Чтение онлайн

ЖАНРЫ

Уцелевший

Паланик Чак

Шрифт:

Я начал пользоваться декоративной косметикой, чтобы скрыть прыщи, которые у меня от лаураболина. Кто-то из команды поддержки достал мне рецепт на ретин-А, чтобы вылечить прыщи.

От облысения меня натирали рогейном.

Все, что мы делали, чтобы избавиться от побочных эффектов, вызывало свои побочные эффекты, от которых надо было избавляться. Мы от них избавлялись, а потом избавлялись от новых побочных эффектов. И так — без конца.

Представьте историю Золушки, где герой смотрится в зеркало и не узнает себя. Каждое слово, которое он говорит, ему пишут профессионалы пера. Все, во что он одевается,

подбирают ему имиджмейкеры или шьют модельеры.

Все его дни расписаны по минутам его представителем по связям с общественностью.

Может, теперь вы поймете, что это такое.

Плюс к тому наш герой сидит на лекарствах, которые можно купить только в Швеции или в Мексике, и его грудные мышцы так выдаются вперед, что он даже не видит, что у него там внизу. Он загорелый, всегда чисто выбритый, в парике, и все его дни расписаны по минутам, потому что людям в Таксоне, в Сиэтле, в Чикаго или в Батон-Руже не нужен мессия с волосатой спиной.

Где-то в районе двухсотого этажа на тебя снисходит просветление.

Ты становишься анаэробным, сжигаешь не жир, а мышцы, но зато в мыслях — кристальная чистота.

На самом деле все это — то же самоубийство, но растянутое во времени. Потому что загар и стероиды представляют проблему только в том случае, если ты собираешься жить долго.

Потому что на самом деле между самоубийством и мученичеством нет почти никакой разницы. Разница только в степени освещения твоей персоны средствами массовой информации.

Если дерево падает в чаще леса и никто не видит и не слышит его падения, оно просто лежит и гниет, правильно?

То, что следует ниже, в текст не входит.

(* Let $X$ be a topological quandle. (1) If $X$ has the discrete topology, then $H_n(X)=C_n(X)$ for all $n$ (i.e. all boundary maps vanish, so $H_n(X)\cong C_n(X)$). (2) If the quandle structure of $X$ is trivial (i.e. $x\triangleright y=x$ for all $x,y$), then $H_n(X)=C_n(X)$ for all $n$.
   Context: A quandle is a set with a binary operation $\triangleright$ such that $x\triangleright x=x$, each $\beta_y(x)=x\triangleright y$ is bijective, and $(x\triangleright y)\triangleright z=(x\triangleright z)\triangleright(y\triangleright z)$. A topological quandle is a topological space with a continuous quandle operation such that every $\beta_y$ is a homeomorphism. Let $\Delta^n$ have vertices $e_0,\dots,e_n$ ($\Delta^{n-1}$ has vertices $\bar e_0,\dots,\bar e_{n-1}$). For a singular $n$-simplex $\sigma:\Delta^n\to X$ write $\sigma=\sigma_{[x_1,\dots,x_{n+1}]}$ with $x_i=\sigma(e_{i-1})$; singular simplices are combined pointwise by $(\sigma\triangleright\tau)(t)=\sigma(t)\triangleright\tau(t)$. $C_n(X)$ is the free abelian group on singular $n$-simplices. For $2\le i\le n+1$, $d_i\sigma$ is $\sigma$ restricted to the face omitting $e_{i-1}$ (via $\bar e_j\mapsto e_j$ for $j\le i-2$, $\bar e_j\mapsto e_{j+1}$ for $j\ge i-1$), and $s_i\sigma=\sigma\circ\iota_i$ with $\iota_i(\sum t_j\bar e_j)=(\sum_{k=0}^{i-2}t_k)e_{i-1}+\sum_{j=i-1}^{n-1}t_je_{j+1}$. The boundary is $\partial_n\sigma=\sum_{i=2}^{n+1}(-1)^i(d_i\sigma-d_i\sigma\triangleright s_i\sigma)$, extended linearly ($\partial_0=0$); $H_n(X)$ is the $n$-th homology of $(C_*(X),\partial)$. *)

theory Defs
  imports "HOL-Homology.Homology"
begin

definition quandle_on :: "'a set \<Rightarrow> ('a \<Rightarrow> 'a \<Rightarrow> 'a) \<Rightarrow> bool" where
  "quandle_on S q \<longleftrightarrow>
     (\<forall>x\<in>S. \<forall>y\<in>S. q x y \<in> S) \<and>
     (\<forall>x\<in>S. q x x = x) \<and>
     (\<forall>y\<in>S. bij_betw (\<lambda>x. q x y) S S) \<and>
     (\<forall>x\<in>S. \<forall>y\<in>S. \<forall>z\<in>S. q (q x y) z = q (q x z) (q y z))"

definition topological_quandle :: "'a topology \<Rightarrow> ('a \<Rightarrow> 'a \<Rightarrow> 'a) \<Rightarrow> bool" where
  "topological_quandle X q \<longleftrightarrow>
     quandle_on (topspace X) q \<and>
     continuous_map (prod_topology X X) X (\<lambda>(x, y). q x y) \<and>
     (\<forall>y\<in>topspace X. homeomorphic_map X X (\<lambda>x. q x y))"

definition simplex_op :: "('a \<Rightarrow> 'a \<Rightarrow> 'a) \<Rightarrow> nat \<Rightarrow> ((nat \<Rightarrow> real) \<Rightarrow> 'a)
    \<Rightarrow> ((nat \<Rightarrow> real) \<Rightarrow> 'a) \<Rightarrow> (nat \<Rightarrow> real) \<Rightarrow> 'a" where
  "simplex_op q p \<sigma> \<tau> = restrict (\<lambda>t. q (\<sigma> t) (\<tau> t)) (standard_simplex p)"

text \<open>The map iota_i with k = i - 1: sends the first k vertices of the (n-1)-simplex to e_k,
  and vertex j (j \<ge> k) to e_(j+1).\<close>
definition degen_map :: "nat \<Rightarrow> (nat \<Rightarrow> real) \<Rightarrow> nat \<Rightarrow> real" where
  "degen_map k t = (\<lambda>m. if m = k then sum t {..<k} else if k < m then t (m - 1) else 0)"

text \<open>s_i sigma for an n-simplex sigma, with k = i - 1.\<close>
definition singular_degen :: "nat \<Rightarrow> nat \<Rightarrow> ((nat \<Rightarrow> real) \<Rightarrow> 'a) \<Rightarrow> (nat \<Rightarrow> real) \<Rightarrow> 'a" where
  "singular_degen n k \<sigma> = restrict (\<sigma> \<circ> degen_map k) (standard_simplex (n - 1))"

text \<open>Quandle boundary: sum over i = 2..n+1 (k = i - 1 = 1..n) of
  (-1)^i (d_i sigma - d_i sigma \<triangleright> s_i sigma); d_i sigma = singular_face n (i-1) sigma.\<close>
definition quandle_boundary :: "('a \<Rightarrow> 'a \<Rightarrow> 'a) \<Rightarrow> nat \<Rightarrow> 'a chain \<Rightarrow> 'a chain" where
  "quandle_boundary q n c =
     (if n = 0 then 0 else
      frag_extend (\<lambda>\<sigma>. \<Sum>k\<in>{1..n}. frag_cmul ((-1) ^ (k + 1))
          (frag_of (singular_face n k \<sigma>)
           - frag_of (simplex_op q (n - 1) (singular_face n k \<sigma>) (singular_degen n k \<sigma>)))) c)"

text \<open>C_n(X) is chain_group n X (free abelian group on singular n-simplices).
  Cycles, boundaries and homology H_n(X) = Z_n / B_n.\<close>
definition quandle_cycles :: "'a topology \<Rightarrow> ('a \<Rightarrow> 'a \<Rightarrow> 'a) \<Rightarrow> nat \<Rightarrow> 'a chain set" where
  "quandle_cycles X q n = {c \<in> carrier (chain_group n X). quandle_boundary q n c = 0}"

definition quandle_boundaries :: "'a topology \<Rightarrow> ('a \<Rightarrow> 'a \<Rightarrow> 'a) \<Rightarrow> nat \<Rightarrow> 'a chain set" where
  "quandle_boundaries X q n = quandle_boundary q (Suc n) ` carrier (chain_group (Suc n) X)"

definition quandle_homology :: "'a topology \<Rightarrow> ('a \<Rightarrow> 'a \<Rightarrow> 'a) \<Rightarrow> nat \<Rightarrow> 'a chain set monoid" where
  "quandle_homology X q n =
     subgroup_generated (chain_group n X) (quandle_cycles X q n) Mod quandle_boundaries X q n"

end

theory Submission
  imports Defs
begin

text \<open>Each term d_i \<sigma> - d_i \<sigma> \<triangleright> s_i \<sigma> of the quandle boundary compares \<sigma> at two points
  of the same standard simplex, so it vanishes as soon as q (\<sigma> u) (\<sigma> v) = \<sigma> u along every
  singular simplex \<sigma>. For a trivial quandle this holds outright; for a discrete space every
  singular simplex is constant, since the standard simplex is connected, and idempotency
  q x x = x gives it.\<close>

lemma sum_degen_map:
  assumes "k \<le> Suc n"
  shows "sum (degen_map k t) {..Suc n} = sum t {..n}"
proof -
  have split: "{..m} = {..<k} \<union> {k..m}" if "k \<le> Suc m" for m :: nat
    using that by auto
  have "sum (degen_map k t) {..Suc n} = sum (degen_map k t) {k..Suc n}"
    unfolding split[OF le_SucI[OF assms]] by (subst sum.union_disjoint) (auto simp: degen_map_def)
  also have "\<dots> = sum t {..<k} + sum (degen_map k t) {Suc k..Suc n}"
    unfolding sum.atLeast_Suc_atMost[OF assms] by (simp add: degen_map_def)
  also have "sum (degen_map k t) {Suc k..Suc n} = sum t {k..n}"
    unfolding sum.shift_bounds_cl_Suc_ivl by (rule sum.cong) (auto simp: degen_map_def)
  also have "sum t {..<k} + sum t {k..n} = sum t {..n}"
    unfolding split[OF assms] by (rule sum.union_disjoint[symmetric]) auto
  finally show ?thesis .
qed

lemma degen_map_in_standard_simplex:
  assumes "k \<le> Suc n" "t \<in> standard_simplex n"
  shows "degen_map k t \<in> standard_simplex (Suc n)"
proof -
  have nonneg: "0 \<le> degen_map k t i" for i
    using assms(2) by (auto simp: degen_map_def standard_simplex_def intro: sum_nonneg)
  have sum1: "sum (degen_map k t) {..Suc n} = 1"
    using assms by (simp add: sum_degen_map standard_simplex_def del: sum.atMost_Suc)
  have beyond: "degen_map k t i = 0" if "Suc n < i" for i
    using assms that by (auto simp: degen_map_def standard_simplex_def)
  have "degen_map k t i \<le> 1" for i
  proof (cases "i \<le> Suc n")
    case True
    then show ?thesis
      using member_le_sum[of i "{..Suc n}" "degen_map k t"] nonneg sum1 by simp
  qed (simp add: beyond)
  then show ?thesis
    using nonneg sum1 beyond by (simp add: standard_simplex_def del: sum.atMost_Suc)
qed

definition simplexwise_trivial :: "'a topology \<Rightarrow> ('a \<Rightarrow> 'a \<Rightarrow> 'a) \<Rightarrow> bool" where
  "simplexwise_trivial X q \<longleftrightarrow>
     (\<forall>n \<sigma>. singular_simplex n X \<sigma> \<longrightarrow>
        (\<forall>u\<in>standard_simplex n. \<forall>v\<in>standard_simplex n. q (\<sigma> u) (\<sigma> v) = \<sigma> u))"

lemma singular_simplex_in_topspace:
  "singular_simplex n X \<sigma> \<Longrightarrow> u \<in> standard_simplex n \<Longrightarrow> \<sigma> u \<in> topspace X"
  by (auto simp: singular_simplex_def continuous_map_def)

lemma singular_simplex_discrete_topology_const:
  assumes "singular_simplex n (discrete_topology S) \<sigma>"
    and "u \<in> standard_simplex n" "v \<in> standard_simplex n"
  shows "\<sigma> u = \<sigma> v"
proof -
  have "connectedin (discrete_topology S) (\<sigma> ` standard_simplex n)"
    using assms(1) connectedin_standard_simplex unfolding singular_simplex_def
    by (metis connectedin_continuous_map_image connectedin_subtopology order_refl)
  then obtain a where "\<sigma> ` standard_simplex n \<subseteq> {a}"
    by (auto simp: connectedin_discrete_topology)
  then show ?thesis
    using assms(2,3) by auto
qed

lemma simplexwise_trivial_discrete_topology:
  assumes "\<forall>x\<in>S. q x x = x"
  shows "simplexwise_trivial (discrete_topology S) q"
  unfolding simplexwise_trivial_def
proof (intro allI impI ballI)
  fix n \<sigma> u v
  assume \<sigma>: "singular_simplex n (discrete_topology S) \<sigma>"
    and uv: "u \<in> standard_simplex n" "v \<in> standard_simplex n"
  have "\<sigma> v = \<sigma> u"
    using singular_simplex_discrete_topology_const[OF \<sigma>] uv by blast
  moreover have "\<sigma> u \<in> S"
    using singular_simplex_in_topspace[OF \<sigma> uv(1)] by simp
  ultimately show "q (\<sigma> u) (\<sigma> v) = \<sigma> u"
    using assms by simp
qed

lemma simplexwise_trivial_trivial_quandle:
  assumes "\<forall>x\<in>topspace X. \<forall>y\<in>topspace X. q x y = x"
  shows "simplexwise_trivial X q"
  unfolding simplexwise_trivial_def
  using assms singular_simplex_in_topspace[of _ X] by blast

lemma simplex_op_face_degen:
  assumes "simplexwise_trivial X q" "singular_simplex n X \<sigma>" "k \<in> {1..n}"
  shows "simplex_op q (n - 1) (singular_face n k \<sigma>) (singular_degen n k \<sigma>) = singular_face n k \<sigma>"
proof -
  obtain m where n: "n = Suc m"
    using assms(3) by (cases n) auto
  have "q (\<sigma> (simplical_face k t)) (\<sigma> (degen_map k t)) = \<sigma> (simplical_face k t)"
    if "t \<in> standard_simplex m" for t
    using assms that simplical_face_in_standard_simplex[of n k t] degen_map_in_standard_simplex[of k m t]
    by (auto simp: simplexwise_trivial_def n)
  then show ?thesis
    by (auto simp: simplex_op_def singular_face_def singular_degen_def n intro!: restrict_ext)
qed

lemma quandle_boundary_eq_0:
  assumes "simplexwise_trivial X q" "c \<in> carrier (chain_group n X)"
  shows "quandle_boundary q n c = 0"
proof -
  have "singular_simplex n X \<sigma>" if "\<sigma> \<in> Poly_Mapping.keys c" for \<sigma>
    using assms(2) that by (auto simp: singular_chain_def)
  then show ?thesis
    using simplex_op_face_degen[OF assms(1)]
    by (auto simp: quandle_boundary_def intro!: frag_extend_eq_0 sum.neutral)
qed

lemma quandle_homology_iso_chain_group:
  assumes "simplexwise_trivial X q"
  shows "quandle_homology X q n \<cong> chain_group n X"
proof -
  interpret C: group "chain_group n X" by simp
  have cycles: "quandle_cycles X q n = carrier (chain_group n X)"
    using quandle_boundary_eq_0[OF assms] by (auto simp: quandle_cycles_def)
  have "0 \<in> carrier (chain_group (Suc n) X)"
    by simp
  then have boundaries: "quandle_boundaries X q n = {\<one>\<^bsub>chain_group n X\<^esub>}"
    using quandle_boundary_eq_0[OF assms]
    unfolding quandle_boundaries_def by force
  have "quandle_homology X q n = chain_group n X Mod {\<one>\<^bsub>chain_group n X\<^esub>}"
    unfolding quandle_homology_def cycles boundaries C.subgroup_generated_group_carrier ..
  then show ?thesis
    using C.trivial_factor_iso by (auto simp: is_iso_def)
qed

theorem mainTheorem4:
  fixes X :: "'a topology" and q :: "'a \<Rightarrow> 'a \<Rightarrow> 'a"
  assumes "topological_quandle X q"
  shows "(X = discrete_topology (topspace X) \<longrightarrow>
           (\<forall>n. \<forall>c \<in> carrier (chain_group n X). quandle_boundary q n c = 0) \<and>
           (\<forall>n. quandle_homology X q n \<cong> chain_group n X)) \<and>
         ((\<forall>x\<in>topspace X. \<forall>y\<in>topspace X. q x y = x) \<longrightarrow>
           (\<forall>n. \<forall>c \<in> carrier (chain_group n X). quandle_boundary q n c = 0) \<and>
           (\<forall>n. quandle_homology X q n \<cong> chain_group n X))"
proof -
  have idempotent: "\<forall>x\<in>topspace X. q x x = x"
    using assms by (simp add: topological_quandle_def quandle_on_def)
  have "(\<forall>n. \<forall>c \<in> carrier (chain_group n X). quandle_boundary q n c = 0) \<and>
        (\<forall>n. quandle_homology X q n \<cong> chain_group n X)" if "simplexwise_trivial X q"
    using quandle_boundary_eq_0[OF that] quandle_homology_iso_chain_group[OF that] by blast
  moreover have "simplexwise_trivial X q" if "X = discrete_topology (topspace X)"
    using simplexwise_trivial_discrete_topology[of "topspace X" q, OF idempotent] that by metis
  moreover have "simplexwise_trivial X q" if "\<forall>x\<in>topspace X. \<forall>y\<in>topspace X. q x y = x"
    using that by (rule simplexwise_trivial_trivial_quandle)
  ultimately show ?thesis
    by blast
qed

end
(* Let $(K,C,S)$ and $(K',C',S')$ be the associated layered simplicial complexes of divided simplicial complexes, and suppose that the polyhedra $X=|K|$ and $X'=|K'|$ are filtered spaces with respective singular sets $\Sigma=|S|$ and $\Sigma'=|S'|$ whose formal codimensions coincide, $\operatorname{codim}_X\Sigma=\operatorname{codim}_{X'}\Sigma'$. If there exists a layered formal deformation between $(K,C,S)$ and $(K',C',S')$, then $(X,\Sigma)$ and $(X',\Sigma')$ are stratified homotopy equivalent.
   Context: A simplicial complex $K$ is a set of finite nonempty sets (simplices) such that every nonempty subset (face) of a simplex of $K$ lies in $K$; $\dim s=|s|-1$; $K^0$ is the set of vertices; $t<s$ means $t$ is a proper face of $s$; $|K|$ is the geometric realization (polyhedron). A simplex is principal in $K$ if it is not a proper face of any simplex of $K$. A simplex $s$ is free in $K$ if it is a proper face of a principal simplex $p$ of $K$ and of no other simplex of $K$. A layered simplicial complex is a triple $(K,C,S)$ where $C,S$ are disjoint subcomplexes of $K$; its intermediate simplices $\mathrm{IM}(K,C,S)$ are the simplices of $K$ lying in neither $C$ nor $S$. A divided simplicial complex is a pair $(K,S^0)$ with $S^0\subseteq K^0$; its associated layered complex is $(K,C,S)$, where $S$ consists of the simplices all of whose vertices lie in $S^0$ and $C$ of those all of whose vertices lie in $K^0-S^0$. An elementary $S$-collapse of $(K,C,S)$ replaces it by $(K-\{s,p\},C,S-\{s,p\})$, where $p\in S$ is principal in $K$ and $s$ is a face of $p$ free in $K$; an elementary $C$-collapse is defined symmetrically with $p\in C$ (giving $(K-\{s,p\},C-\{s,p\},S)$). If $(K,C,S)$ is associated to a divided complex $(K,S^0)$, an elementary intermediate collapse replaces it by $(K-\{s,p\},C,S)$, where (i) $p\in\mathrm{IM}(K,C,S)$, (ii) $p$ is principal in $K$, (iii) $s$ is a face of $p$ free in $K$, (iv) every simplex $t\in S$ with $t<p$ satisfies $t<s$. An elementary layered collapse between layered complexes associated to divided complexes is an elementary $S$-, $C$- or intermediate collapse; its inverse is an elementary layered expansion. A layered formal deformation from $(K,C,S)$ to $(K',C',S')$ is a finite sequence of layered complexes starting at $(K,C,S)$ and ending at $(K',C',S')$, each obtained from the previous one by an elementary layered collapse or an elementary layered expansion. A filtered space here is a pair $(X,\Sigma)$ of a Hausdorff space $X$ and closed subset $\Sigma$ (the singular set), together with a formal dimension $n$ of $X$ and a formal codimension $\operatorname{codim}_X\Sigma=k\geq 1$ (i.e. the filtration $X=X_n\supset X_{n-1}=\dots=X_{n-k}=\Sigma\supset X_{n-k-1}=\dots=\emptyset$). A stratified map $f:(X,\Sigma_X)\to(Y,\Sigma_Y)$ is a continuous map with $f(\Sigma_X)\subseteq\Sigma_Y$ and $f(X-\Sigma_X)\subseteq Y-\Sigma_Y$; it is codimension-preserving if $\operatorname{codim}\Sigma_X=\operatorname{codim}\Sigma_Y$. A stratified homotopy is a stratified map $(X\times I,\Sigma_X\times I)\to(Y,\Sigma_Y)$, $I=[0,1]$. A stratified homotopy equivalence is a codimension-preserving stratified map $f$ for which there is a stratified map $g:(Y,\Sigma_Y)\to(X,\Sigma_X)$ such that $g\circ f$ and $f\circ g$ are stratified homotopic to the identities. *)

theory Defs
  imports "HOL-Analysis.Analysis"
begin
lemma partition_eq_label_classes:
  fixes z :: "nat \<Rightarrow> nat"
  assumes part: "C1 \<union> C2 = {1..n}" and z: "\<forall>i\<in>{1..n}. z i \<in> {1, 2}" and l: "l \<in> {1, 2}"
    and pure: "card {m\<in>C1. z m = 3 - l} = 0" "card {m\<in>C2. z m = l} = 0"
  shows "C1 = {i\<in>{1..n}. z i = l} \<and> C2 = {i\<in>{1..n}. z i = 3 - l}"
proof -
  have "finite C1" "finite C2" using part finite_subset[of _ "{1..n}"] by blast+
  then have "\<forall>m\<in>C1. z m \<noteq> 3 - l" "\<forall>m\<in>C2. z m \<noteq> l" using pure by auto
  moreover have "{1, 2} = {l, 3 - l}" using l by auto
  ultimately show ?thesis using part z by blast
qed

И если бы Иисус Христос умер от передозировки барбитуратов, один, на полу в ванной, вознесся бы Он на Небеса или нет?

Вопрос не в том, собирался я или нет покончить с собой. Все эти усилия, деньги и время, лекарства, писательская команда, диета, агент, бесконечные лестницы в никуда — это была подготовка к тому, чтобы я мог угробить себя на глазах многотысячной аудитории.

25

Агент как-то спросил у меня, как я себе представляю свою жизнь, скажем, лет через пять.

Меня просто не будет, сказал я ему. Через пять лет я умру и буду тихонечко разлагаться в могиле. Или же обращусь в прах и пепел. Да, пусть меня лучше сожгут.

У меня в кармане лежал пистолет. Мы с агентом стояли в самом дальнем конце темной аудитории, набитой битком. Я хорошо помню тот вечер. Это было мое первое выступление перед публикой.

Я умру и попаду в Ад, сказал я.

Я собирался покончить с собой в тот вечер.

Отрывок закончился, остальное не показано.